# Description of the task
Lines from the one containing "monoid_scheme \<Rightarrow> (nat" through the last line of the records below are to be repeated exactly.

── Information ──

(* Let $G$ be a finite group with pairwise non-isomorphic irreducible complex representations $V_1,\dots,V_k$ with characters $\chi_1,\dots,\chi_k$. Suppose $Q_1,\dots,Q_m$ are probability distributions on $G$ that are constant on conjugacy classes, and let $Q_i=\sum_{j=1}^k a_j^{i}\chi_j$ be their unique expressions as linear combinations of irreducible characters. For a word $w=w_1w_2\cdots w_N$ with $w_i\in\{1,\dots,m\}$ let $Q^{(w)}:=Q_{w_1}\ast\cdots\ast Q_{w_N}$ and $q^{w}:=\sum_{g\in G}Q^{(w)}(g)e_g\in\mathbb{C}G$. Then for every $G$-homogeneous space $X$ and every $x_0\in X$, \[\|q^{w}\cdot e_{x_0}-\overline{u}_X\|^2_{\rm TV}\leq \frac{1}{4}\sum_{V_j\neq {\rm triv}}m(V_j,\mathbb{C} X)\dim(V_j)\left(\frac{|G|}{\dim(V_j)}\right)^{2N}\left(\prod_{i=1}^N a_j^{w_i}\right)^2.\]
   Context: Convolution: $(P\ast R)(h)=\sum_{g}P(hg^{-1})R(g)$. $\mathbb{C}G$ is the group algebra with basis $\{e_g\}$. A $G$-homogeneous space is a finite set $X$ with transitive $G$-action; $\mathbb{C}X$ has basis $\{e_x\}$ and is a $\mathbb{C}G$-module via $e_g\cdot e_x:=e_{g(x)}$. $\|h\|_{\rm TV}:=\frac12\sum_x|h(x)|$ for $h=\sum_xh(x)e_x$; $\overline{u}_X:=\frac1{|X|}\sum_xe_x$. $m(V_j,\mathbb{C}X)$ is the multiplicity of $V_j$ in $\mathbb{C}X$; the sum runs over nontrivial irreducibles.
   Formalization: The factor $(\prod_{i=1}^N a_j^{w_i})^2$ in the bound is replaced by the squared complex modulus $|\prod_{i=1}^N a_j^{w_i}|^2$ of that product. The statement above fails without it. *)

theory Defs
  imports "Jordan_Normal_Form.Matrix" "HOL-Algebra.Group_Action"
begin

definition is_rep :: "('g, 'b) monoid_scheme \<Rightarrow> ('g \<Rightarrow> complex mat) \<Rightarrow> nat \<Rightarrow> bool" where
  "is_rep G \<rho> d \<longleftrightarrow>
     (\<forall>g\<in>carrier G. \<rho> g \<in> carrier_mat d d) \<and>
     \<rho> \<one>\<^bsub>G\<^esub> = 1\<^sub>m d \<and>
     (\<forall>g\<in>carrier G. \<forall>h\<in>carrier G. \<rho> (g \<otimes>\<^bsub>G\<^esub> h) = \<rho> g * \<rho> h)"

definition invariant_subspace :: "('g, 'b) monoid_scheme \<Rightarrow> ('g \<Rightarrow> complex mat) \<Rightarrow> nat \<Rightarrow> complex vec set \<Rightarrow> bool" where
  "invariant_subspace G \<rho> d W \<longleftrightarrow>
     W \<subseteq> carrier_vec d \<and> 0\<^sub>v d \<in> W \<and>
     (\<forall>v\<in>W. \<forall>u\<in>W. v + u \<in> W) \<and>
     (\<forall>c. \<forall>v\<in>W. c \<cdot>\<^sub>v v \<in> W) \<and>
     (\<forall>g\<in>carrier G. \<forall>v\<in>W. \<rho> g *\<^sub>v v \<in> W)"

definition irreducible_rep :: "('g, 'b) monoid_scheme \<Rightarrow> ('g \<Rightarrow> complex mat) \<Rightarrow> nat \<Rightarrow> bool" where
  "irreducible_rep G \<rho> d \<longleftrightarrow> is_rep G \<rho> d \<and> d > 0 \<and>
     (\<forall>W. invariant_subspace G \<rho> d W \<longrightarrow> W = {0\<^sub>v d} \<or> W = carrier_vec d)"

definition iso_rep :: "('g, 'b) monoid_scheme \<Rightarrow> ('g \<Rightarrow> complex mat) \<Rightarrow> nat \<Rightarrow> ('g \<Rightarrow> complex mat) \<Rightarrow> nat \<Rightarrow> bool" where
  "iso_rep G \<rho> d \<sigma> e \<longleftrightarrow> d = e \<and>
     (\<exists>P\<in>carrier_mat d d. invertible_mat P \<and> (\<forall>g\<in>carrier G. P * \<rho> g = \<sigma> g * P))"

definition triv_rep :: "'g \<Rightarrow> complex mat" where
  "triv_rep g = 1\<^sub>m 1"

definition character :: "('g \<Rightarrow> complex mat) \<Rightarrow> nat \<Rightarrow> 'g \<Rightarrow> complex" where
  "character \<rho> d g = (\<Sum>i<d. \<rho> g $$ (i, i))"

definition dsum_rep :: "('g \<Rightarrow> complex mat) \<times> nat \<Rightarrow> ('g \<Rightarrow> complex mat) \<times> nat \<Rightarrow> ('g \<Rightarrow> complex mat) \<times> nat" where
  "dsum_rep r s = (case r of (\<rho>, d) \<Rightarrow> case s of (\<sigma>, e) \<Rightarrow>
      (\<lambda>g. four_block_mat (\<rho> g) (0\<^sub>m d e) (0\<^sub>m e d) (\<sigma> g), d + e))"

definition dsum_list :: "(('g \<Rightarrow> complex mat) \<times> nat) list \<Rightarrow> ('g \<Rightarrow> complex mat) \<times> nat" where
  "dsum_list rs = foldr dsum_rep rs (\<lambda>g. 1\<^sub>m 0, 0)"

definition multiple_sum :: "nat \<Rightarrow> (nat \<Rightarrow> 'g \<Rightarrow> complex mat) \<Rightarrow> (nat \<Rightarrow> nat) \<Rightarrow> (nat \<Rightarrow> nat) \<Rightarrow> ('g \<Rightarrow> complex mat) \<times> nat" where
  "multiple_sum k \<rho> d m = dsum_list (concat (map (\<lambda>j. replicate (m j) (\<rho> j, d j)) [0..<k]))"

(* the permutation module CX, as matrices w.r.t. the basis e_{xs!0},...,e_{xs!(n-1)}:
   e_g . e_x = e_{g(x)} *)
definition perm_rep :: "('g \<Rightarrow> 'x \<Rightarrow> 'x) \<Rightarrow> 'x list \<Rightarrow> 'g \<Rightarrow> complex mat" where
  "perm_rep \<phi> xs g = mat (length xs) (length xs) (\<lambda>(i, j). if \<phi> g (xs ! j) = xs ! i then 1 else 0)"

definition conv :: "('g, 'b) monoid_scheme \<Rightarrow> ('g \<Rightarrow> real) \<Rightarrow> ('g \<Rightarrow> real) \<Rightarrow> 'g \<Rightarrow> real" where
  "conv G P R h = (\<Sum>g\<in>carrier G. P (h \<otimes>\<^bsub>G\<^esub> inv\<^bsub>G\<^esub> g) * R g)"

definition delta_one :: "('g, 'b) monoid_scheme \<Rightarrow> 'g \<Rightarrow> real" where
  "delta_one G g = (if g = \<one>\<^bsub>G\<^esub> then 1 else 0)"

definition conv_word :: "('g, 'b) monoid_scheme \<Rightarrow> (nat \<Rightarrow> 'g \<Rightarrow> real) \<Rightarrow> nat list \<Rightarrow> 'g \<Rightarrow> real" where
  "conv_word G Q w = foldr (\<lambda>i acc. conv G (Q i) acc) w (delta_one G)"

───

# Solution for this exercise
definition conv_word :: "('g, 'b) monoid_scheme \<Rightarrow> (nat \<Rightarrow> 'g \<Rightarrow> real) \<Rightarrow> nat list \<Rightarrow> 'g \<Rightarrow> real" where
  "conv_word G Q w = foldr (\<lambda>i acc. conv G (Q i) acc) w (delta_one G)"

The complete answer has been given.